If all of humanity (and perhaps the animal kingdom too for good measure) were to run East at the same time for a prolonged period of time, would the equal and opposite force of their feet pushing the ground west behind them slow down the Earth's rotation?
1 Answers
As it's 4.20 am where I am, and I am pretty dreadful at simple arithmetic, I welcome anybody to refine this calculation, a wiki, if you will.
Any frills to the topic, such how long they would need to walk to make a significant difference, are welcome. But any pedestrian material or remarks will be ruthlessly eliminated. Except that previous line.
Ok, The angular momentum of the spinning earth is:
$I = [2/5]mr^2$ and $ω$ = $2π/T =[ 2π/86400]$ rad/s
$mass = 5.978×10^{24}kg$,
$radius = 6.378×10^6m$
$L = [2/5]×5.978×10^{24}×6.378×10^6×6.378×10^6×[ 2π/86400]$
$L = 7.074 ×10^{33} kg.m^2s^{-1}$.
My (simple, naive) idea is to calculate the force exerted by these walking people, and I make the following sweeping assumptions.
The number of people on Earth is 7.5 billion ( give or take the odd million) and I assume they average 40 kg each.

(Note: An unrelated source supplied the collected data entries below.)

lemma elliptic_fgl_has_derivative_at_0:
  fixes t :: complex
  defines "L \<equiv> s t / t"
  defines "D0 \<equiv> 1 + m2 * L + m4 * L ^ 2 + m6 * L ^ 3"
  defines "t30 \<equiv> - t - (m1 * L + m3 * L ^ 2) / D0"
  assumes t: "t \<in> ball 0 rs" "t \<noteq> 0" and D0: "D0 \<noteq> 0"
    and E0: "1 - m1 * t30 - m3 * (L * t30) \<noteq> 0"
  shows "(elliptic_fgl m1 m2 m3 m4 m6 s t has_field_derivative inv_diff t) (at 0)"
proof -
  define lam where "lam = chord_slope s t"
  define nu where "nu x = s t - lam x * t" for x
  define N where "N x = m1 * lam x + m2 * nu x + m3 * (lam x) ^ 2 + 2 * m4 * lam x * nu x
    + 3 * m6 * (lam x) ^ 2 * nu x" for x
  define Dn where "Dn x = 1 + m2 * lam x + m4 * (lam x) ^ 2 + m6 * (lam x) ^ 3" for x
  define t3 where "t3 x = - t - x - N x / Dn x" for x
  define s3 where "s3 x = lam x * t3 x + nu x" for x
  have fgl: "elliptic_fgl m1 m2 m3 m4 m6 s t = (\<lambda>x. - t3 x / (1 - m1 * t3 x - m3 * s3 x))"
    unfolding elliptic_fgl_def Let_def t3_def[abs_def] s3_def[abs_def] N_def[abs_def] Dn_def[abs_def]
      nu_def[abs_def] lam_def ..
  have lam0: "lam 0 = L" and dlam: "(lam has_field_derivative L / t) (at 0)"
    using chord_slope_at_0[OF t] by (simp_all add: lam_def L_def power2_eq_square)
  have nu0: "nu 0 = 0" using t(2) by (simp add: nu_def lam0 L_def)
  have dnu: "(nu has_field_derivative - L) (at 0)"
    using DERIV_diff[OF DERIV_const DERIV_cmult_right[OF dlam, of t]] t(2) by (simp add: nu_def[abs_def])
  define N1 where "N1 = m1 * (L/t) + m2 * (-L) + 2 * m3 * L * (L/t) + 2 * m4 * L * (-L) + 3 * m6 * L^2 * (-L)"
  define D1 where "D1 = m2 * (L/t) + 2 * m4 * L * (L/t) + 3 * m6 * L^2 * (L/t)"
  define N0 where "N0 = m1 * L + m3 * L^2"
  have dN: "(N has_field_derivative N1) (at 0)"
    unfolding N_def[abs_def] N1_def
    by (rule derivative_eq_intros refl dlam dnu | simp add: lam0 nu0)+ (simp add: algebra_simps power2_eq_square)
  have dD: "(Dn has_field_derivative D1) (at 0)"
    unfolding Dn_def[abs_def] D1_def
    by (rule derivative_eq_intros refl dlam | simp add: lam0)+ (simp add: algebra_simps power2_eq_square)
  have N0': "N 0 = N0" and D0': "Dn 0 = D0" by (simp_all add: N_def N0_def Dn_def D0_def lam0 nu0)
  define t31 where "t31 = -1 - (N1 * D0 - N0 * D1) / (D0 * D0)"
  have t30': "t3 0 = t30" by (simp add: t3_def t30_def N0' D0' N0_def)
  have dt3: "(t3 has_field_derivative t31) (at 0)"
    using DERIV_diff[OF DERIV_diff[OF DERIV_const DERIV_ident] DERIV_divide[OF dN dD]] D0 D0'
    by (simp add: t3_def[abs_def] t31_def N0')
  define s31 where "s31 = (L/t) * t30 + L * t31 + (-L)"
  have s30': "s3 0 = L * t30" by (simp add: s3_def lam0 nu0 t30')
  have ds3: "(s3 has_field_derivative s31) (at 0)"
    using DERIV_add[OF DERIV_mult'[OF dlam dt3] dnu]
    by (simp add: s3_def[abs_def] s31_def lam0 t30' algebra_simps)
  define E0 where "E0 = 1 - m1 * t30 - m3 * (L * t30)"
  define E1 where "E1 = - m1 * t31 - m3 * s31"
  have "(elliptic_fgl m1 m2 m3 m4 m6 s t has_field_derivative - (t31 * E0 - t30 * E1) / (E0 * E0)) (at 0)"
    using DERIV_tate_negation[OF dt3 ds3] E0
    by (simp add: fgl t30' s30' E0_def E1_def power2_eq_square)
  moreover have "- (t31 * E0 - t30 * E1) / (E0 * E0) = inv_diff t"
  proof -
    have "s t = t ^ 3 + m1 * t * s t + m2 * t ^ 2 * s t + m3 * (s t) ^ 2 + m4 * t * (s t) ^ 2
        + m6 * (s t) ^ 3"
      using s_tate_eq[OF t(1)] by (simp add: tate_eq_def)
    moreover have "E0 \<noteq> 0" using E0 by (simp add: E0_def)
    moreover have "t30 = - t - N0 / D0" by (simp add: t30_def N0_def)
    ultimately show ?thesis
      unfolding inv_diff_def
      using fgl_derivative_identity[OF _ t(2) D0 _ meta_eq_to_obj_eq[OF L_def] N0_def N1_def
          meta_eq_to_obj_eq[OF D0_def] D1_def _ t31_def s31_def E0_def E1_def]
      by blast
  qed
  ultimately show ?thesis by simp
qed

end

context tate_curve
begin

lemma elliptic_fgl_has_derivative_near_0:
  "eventually (\<lambda>t. (elliptic_fgl m1 m2 m3 m4 m6 s t has_field_derivative inv_diff t) (at 0)) (at 0)"
proof -
  define L where "L t = s t / t" for t
  define D0 where "D0 t = 1 + m2 * L t + m4 * (L t) ^ 2 + m6 * (L t) ^ 3" for t
  define t30 where "t30 t = - t - (m1 * L t + m3 * (L t) ^ 2) / D0 t" for t
  have "(s has_field_derivative 0) (at 0)" using s_has_derivative[of 0] rs_pos deriv_s_0 by simp
  then have L: "(L \<longlongrightarrow> 0) (at 0)" unfolding has_field_derivative_iff L_def[abs_def] s_0 by simp
  have D0: "(D0 \<longlongrightarrow> 1) (at 0)"
    unfolding D0_def[abs_def] by (rule tendsto_eq_intros refl L | simp)+
  have t30: "(t30 \<longlongrightarrow> 0) (at 0)"
    unfolding t30_def[abs_def] by (rule tendsto_eq_intros refl L D0 tendsto_ident_at | simp)+
  have E0: "((\<lambda>t. 1 - m1 * t30 t - m3 * (L t * t30 t)) \<longlongrightarrow> 1) (at 0)"
    by (rule tendsto_eq_intros refl L t30 | simp)+
  have "eventually (\<lambda>t. D0 t \<noteq> 0) (at 0)" using D0 by (rule tendsto_imp_eventually_ne) simp
  moreover have "eventually (\<lambda>t. 1 - m1 * t30 t - m3 * (L t * t30 t) \<noteq> 0) (at 0)"
    using E0 by (rule tendsto_imp_eventually_ne) simp
  ultimately show ?thesis
    using eventually_at_ball'[OF rs_pos, of 0 UNIV] by eventually_elim (auto intro!: elliptic_fgl_has_derivative_at_0 simp: L_def D0_def t30_def)
qed

end

locale formal_group_exponential = tate_curve +
  fixes f :: "complex \<Rightarrow> complex" and rf :: real
  assumes exponential: "fgl_exponential m1 m2 m3 m4 m6 s rf f"
begin

lemma rf_pos: "rf > 0" and f_holomorphic: "f holomorphic_on ball 0 rf" and f_0: "f 0 = 0"
  and deriv_f_0: "deriv f 0 = 1"
  and f_add: "\<And>u v. u \<in> ball 0 rf \<Longrightarrow> v \<in> ball 0 rf \<Longrightarrow> u + v \<in> ball 0 rf \<Longrightarrow>
        f (u + v) = elliptic_fgl m1 m2 m3 m4 m6 s (f u) (f v)"
  using exponential unfolding fgl_exponential_def by auto

lemma f_has_derivative: "u \<in> ball 0 rf \<Longrightarrow> (f has_field_derivative deriv f u) (at u)"
  using holomorphic_derivI[OF f_holomorphic open_ball, of u UNIV] by simp

lemma isCont_f_0: "isCont f 0"
  using f_has_derivative[of 0] rf_pos by (simp add: DERIV_isCont)

lemma f_nonzero_near_0: "eventually (\<lambda>u. f u \<noteq> 0) (at 0)"
proof -
  have "(f has_field_derivative 1) (at 0)" using f_has_derivative[of 0] rf_pos deriv_f_0 by simp
  then have "((\<lambda>y. f y / y) \<longlongrightarrow> 1) (at 0)" unfolding has_field_derivative_iff f_0 by simp
  then have "eventually (\<lambda>y. f y / y \<noteq> 0) (at 0)" by (rule tendsto_imp_eventually_ne) simp
  then show ?thesis by eventually_elim auto
qed

lemma filterlim_f_at_0: "filterlim f (at 0) (at 0)"
  using isCont_f_0 f_nonzero_near_0 by (intro filterlim_atI) (simp_all add: isCont_def f_0)

text \<open>Differentiating f(u + h) = F(f(u), f(h)) in h at h = 0.\<close>

lemma f_ode: "eventually (\<lambda>u. (f has_field_derivative inv_diff (f u)) (at u)) (at 0)"
  using eventually_compose_filterlim[OF elliptic_fgl_has_derivative_near_0 filterlim_f_at_0]
    eventually_at_ball[OF rf_pos, of 0 UNIV]
proof eventually_elim
  case (elim u)
  then have u: "u \<in> ball 0 rf" by simp
  have "((\<lambda>h. elliptic_fgl m1 m2 m3 m4 m6 s (f u) (f h)) has_field_derivative inv_diff (f u) * 1) (at 0)"
    using elim f_has_derivative[of 0] rf_pos by (intro DERIV_chain2) (simp_all add: f_0 deriv_f_0)
  moreover have "eventually (\<lambda>h. f (u + h) = elliptic_fgl m1 m2 m3 m4 m6 s (f u) (f h)) (nhds 0)"
  proof -
    have "open (ball 0 rf \<inter> (\<lambda>h. u + h) -` ball 0 rf)"
      by (intro open_Int open_ball continuous_open_vimage) (auto intro!: continuous_intros)
    then have "eventually (\<lambda>h. h \<in> ball 0 rf \<inter> (\<lambda>h. u + h) -` ball 0 rf) (nhds 0)"
      by (rule eventually_nhds_in_open) (use rf_pos u in auto)
    then show ?thesis by eventually_elim (use u f_add in auto)
  qed
  ultimately have "((\<lambda>h. f (u + h)) has_field_derivative inv_diff (f u)) (at 0)"
    by (simp add: DERIV_cong_ev[OF refl _ refl])
  moreover have "((\<lambda>h. f (u + h)) has_field_derivative deriv f u) (at 0)"
    using DERIV_chain2[OF f_has_derivative[of "u + 0"] DERIV_add[OF DERIV_const DERIV_ident]] u by simp
  ultimately have "deriv f u = inv_diff (f u)" by (rule DERIV_unique[rotated])
  then show ?case using f_has_derivative[OF u] by simp
qed
lemma is_path_subpath: "is_path X p \<Longrightarrow> k + m \<le> plen p \<Longrightarrow> is_path X (subpath k m p)"
  unfolding is_path_def subpath_def plen_def by (auto dest: in_set_takeD in_set_dropD)

lemma lanV_class_subpath:
  assumes F: "d0_functor F" and p: "is_path X p" and km: "k + m \<le> plen p"
    and v: "v \<in> gV (fst F m)"
  shows "lanV_rel F X `` {(subpath k m p, v)} = lanV_rel F X `` {(p, fst (snd F m (plen p) k) v)}"
proof -
  have "graph_hom (fst F m) (fst F (plen p)) (snd F m (plen p) k)"
    using F km unfolding d0_functor_def by blast
  then have "(p, fst (snd F m (plen p) k) v) \<in> lanV_el F X"
    using p v unfolding lanV_el_def graph_hom_def by blast
  moreover have "(subpath k m p, v) \<in> lanV_el F X"
    using is_path_subpath[OF p km] plen_subpath[OF km] v unfolding lanV_el_def by simp
  moreover have "((subpath k m p, v), (p, fst (snd F m (plen p) k) v)) \<in> lanV_gen F X"
    using p km v unfolding lanV_gen_def by blast
  ultimately have "((subpath k m p, v), (p, fst (snd F m (plen p) k) v)) \<in> lanV_rel F X"
    unfolding lanV_rel_def by blast
  then show ?thesis
    using equiv_class_eq[OF equiv_lanV] by blast
qed

definition lan_end ::
    "(('v, 'e) graph \<Rightarrow> 'e \<Rightarrow> 'v) \<Rightarrow> ('v, 'e) d0fun \<Rightarrow> ('x, 'y) path \<times> 'e \<Rightarrow> ('x, 'y) path \<times> 'v" where
  "lan_end sel F a = (fst a, sel (fst F (plen (fst a))) (snd a))"

lemma src_lan_obj: "src (lan_obj F X) c = lanV_rel F X `` {lan_end src F (rep c)}"
  by (simp add: lan_obj_def lan_end_def)

lemma tgt_lan_obj: "tgt (lan_obj F X) c = lanV_rel F X `` {lan_end tgt F (rep c)}"
  by (simp add: lan_obj_def lan_end_def)

lemma lan_end_el:
  assumes "d0_functor F" and "sel \<in> {src, tgt}" and "x \<in> lanE_el F X"
  shows "lan_end sel F x \<in> lanV_el F X"
proof -
  have "wf_graph (fst F (plen (fst x)))"
    using assms(1) unfolding d0_functor_def by blast
  then show ?thesis
    using assms(2,3) unfolding lanE_el_def lanV_el_def lan_end_def wf_graph_def by auto
qed

lemma lan_end_gen:
  assumes F: "d0_functor F" and sel: "sel \<in> {src, tgt}" and ab: "(a, b) \<in> lanE_gen F X"
  shows "(lan_end sel F a, lan_end sel F b) \<in> lanV_gen F X"
proof -
  from ab obtain p k m e where a: "a = (subpath k m p, e)" and b: "b = (p, snd (snd F m (plen p) k) e)"
    and p: "is_path X p" and km: "k + m \<le> plen p" and e: "e \<in> gE (fst F m)"
    unfolding lanE_gen_def by blast
  have "graph_hom (fst F m) (fst F (plen p)) (snd F m (plen p) k)" and "wf_graph (fst F m)"
    using F km unfolding d0_functor_def by blast+
  then have "sel (fst F (plen p)) (snd (snd F m (plen p) k) e) =
      fst (snd F m (plen p) k) (sel (fst F m) e)"
    and "sel (fst F m) e \<in> gV (fst F m)"
    using sel e unfolding graph_hom_def wf_graph_def by auto
  moreover have "((subpath k m p, sel (fst F m) e), (p, fst (snd F m (plen p) k) (sel (fst F m) e)))
      \<in> lanV_gen F X"
    using p km \<open>sel (fst F m) e \<in> gV (fst F m)\<close> unfolding lanV_gen_def by blast
  ultimately show ?thesis
    unfolding a b lan_end_def by (simp add: plen_subpath[OF km])
qed

text \<open>Source and target in lan_obj do not depend on the chosen representative.\<close>
lemma lan_end_rep_class:
  assumes F: "d0_functor F" and sel: "sel \<in> {src, tgt}" and x: "x \<in> lanE_el F X"
  shows "lanV_rel F X `` {lan_end sel F (rep (lanE_rel F X `` {x}))} =
    lanV_rel F X `` {lan_end sel F x}"
proof -
  let ?r = "rep (lanE_rel F X `` {x})"
  have "(x, ?r) \<in> lanE_rel F X"
    by (rule rel_rep_class[OF equiv_lanE x])
  then have r: "(x, ?r) \<in> (lanE_gen F X \<union> (lanE_gen F X)\<inverse>)\<^sup>*" "?r \<in> lanE_el F X"
    unfolding lanE_rel_def by auto
  have "(lan_end sel F x, lan_end sel F ?r) \<in> (lanV_gen F X \<union> (lanV_gen F X)\<inverse>)\<^sup>*"
    using symcl_rtrancl_map[OF lan_end_gen[OF F sel] r(1)] .
  then have "(lan_end sel F x, lan_end sel F ?r) \<in> lanV_rel F X"
    unfolding lanV_rel_def using lan_end_el[OF F sel] x r(2) by blast
  then show ?thesis
    using equiv_class_eq[OF equiv_lanV] by (metis sym)
qed
text \<open>Fix the bids of all users but i and let X, P and m be user i's confirmation probability,
  expected payment and the miner's revenue as functions of i's bid.  UIC says that the utility
  F v = v X v - P v of truthful bidding dominates every misreport: F v \<ge> F w + (v - w) X w.
  1-SCP with the coalition of the miner and user i says the same of G = F + m.  Two functions
  with the common subgradient X differ by a constant, so m does not depend on i's bid.  Zeroing
  the bids one at a time, the miner's revenue equals that on the all-zero bid vector, where it
  vanishes because the miner cannot receive more than the confirmed bids pay.\<close>

lemma common_subgradient_diff_const:
  fixes F G X :: "real \<Rightarrow> real"
  assumes F: "\<And>v w. v \<in> {a..b} \<Longrightarrow> w \<in> {a..b} \<Longrightarrow> F w + (v - w) * X w \<le> F v"
    and G: "\<And>v w. v \<in> {a..b} \<Longrightarrow> w \<in> {a..b} \<Longrightarrow> G w + (v - w) * X w \<le> G v"
    and "a \<le> b"
  shows "G b - F b = G a - F a"
proof -
  define D where "D t = G t - F t" for t
  have step: "\<bar>D t - D s\<bar> \<le> (t - s) * (X t - X s)" if "s \<in> {a..b}" "t \<in> {a..b}" for s t
  proof -
    have "F s + (t - s) * X s \<le> F t" "F t + (s - t) * X t \<le> F s"
      "G s + (t - s) * X s \<le> G t" "G t + (s - t) * X t \<le> G s"
      using F G that by auto
    moreover have swap: "(s - t) * X t = - ((t - s) * X t)"
      by (simp add: algebra_simps)
    moreover have expand: "(t - s) * (X t - X s) = (t - s) * X t - (t - s) * X s"
      by (simp add: algebra_simps)
    ultimately show ?thesis
      unfolding D_def abs_le_iff swap expand by linarith
  qed
  have bound: "\<bar>D b - D a\<bar> \<le> (b - a) * (X b - X a) / real n" if "n \<ge> 1" for n :: nat
  proof -
    define h where "h = (b - a) / real n"
    have "0 \<le> h" and n_h: "real n * h = b - a"
      using \<open>a \<le> b\<close> \<open>n \<ge> 1\<close> by (simp_all add: h_def)
    have "\<bar>D (a + real k * h) - D a\<bar> \<le> h * (X (a + real k * h) - X a)" if "k \<le> n" for k
      using that
    proof (induction k)
      case 0
      then show ?case by simp
    next
      case (Suc k)
      have "real k * h \<le> real n * h" "real (Suc k) * h \<le> real n * h"
        using Suc.prems \<open>0 \<le> h\<close> by (simp_all add: mult_right_mono)
      then have "a + real k * h \<in> {a..b}" "a + real (Suc k) * h \<in> {a..b}"
        using \<open>0 \<le> h\<close> n_h by auto
      from step[OF this] have "\<bar>D (a + real (Suc k) * h) - D (a + real k * h)\<bar>
          \<le> h * (X (a + real (Suc k) * h) - X (a + real k * h))"
        by (simp add: algebra_simps)
      with Suc show ?case by (simp add: algebra_simps)
    qed
    from this[OF order_refl] show ?thesis
      using \<open>n \<ge> 1\<close> by (simp add: n_h h_def)
  qed
  have "\<bar>D b - D a\<bar> \<le> 0"
  proof (rule ccontr)
    assume "\<not> \<bar>D b - D a\<bar> \<le> 0"
    then have "0 < \<bar>D b - D a\<bar>"
      by simp
    then obtain n where n: "(b - a) * (X b - X a) < real n * \<bar>D b - D a\<bar>"
      using reals_Archimedean3 by blast
    have "0 \<le> (b - a) * (X b - X a)"
      using bound[of 1] abs_ge_zero[of "D b - D a"] by simp
    with n have "n \<ge> 1"
      by (cases n) auto
    then have "\<bar>D b - D a\<bar> * real n \<le> (b - a) * (X b - X a)"
      using bound[of n] by (simp add: pos_le_divide_eq)
    with n show False
      by (simp add: mult.commute)
  qed
  then show ?thesis
    unfolding D_def by simp
qed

This produces a total mass of $3 × 10 ^{11}$ kg
I then assume that every second, they take one step forward, on a synchronised system, so resulting in a push backwards against the Earth and treating this as an acceleration, this produces a force of $3 ×10^{11} kg.m/s^2$
So you have a force of $3×10^{11} kg.m/s^2$ trying to reduce an angular momentum of $ 7.074 ×10^{33} kg.m^2s^{-1}$.
It may take a while to notice any change.
Since answering this question, I have VTC as there is a duplicate here: Can humans slow down the Earth?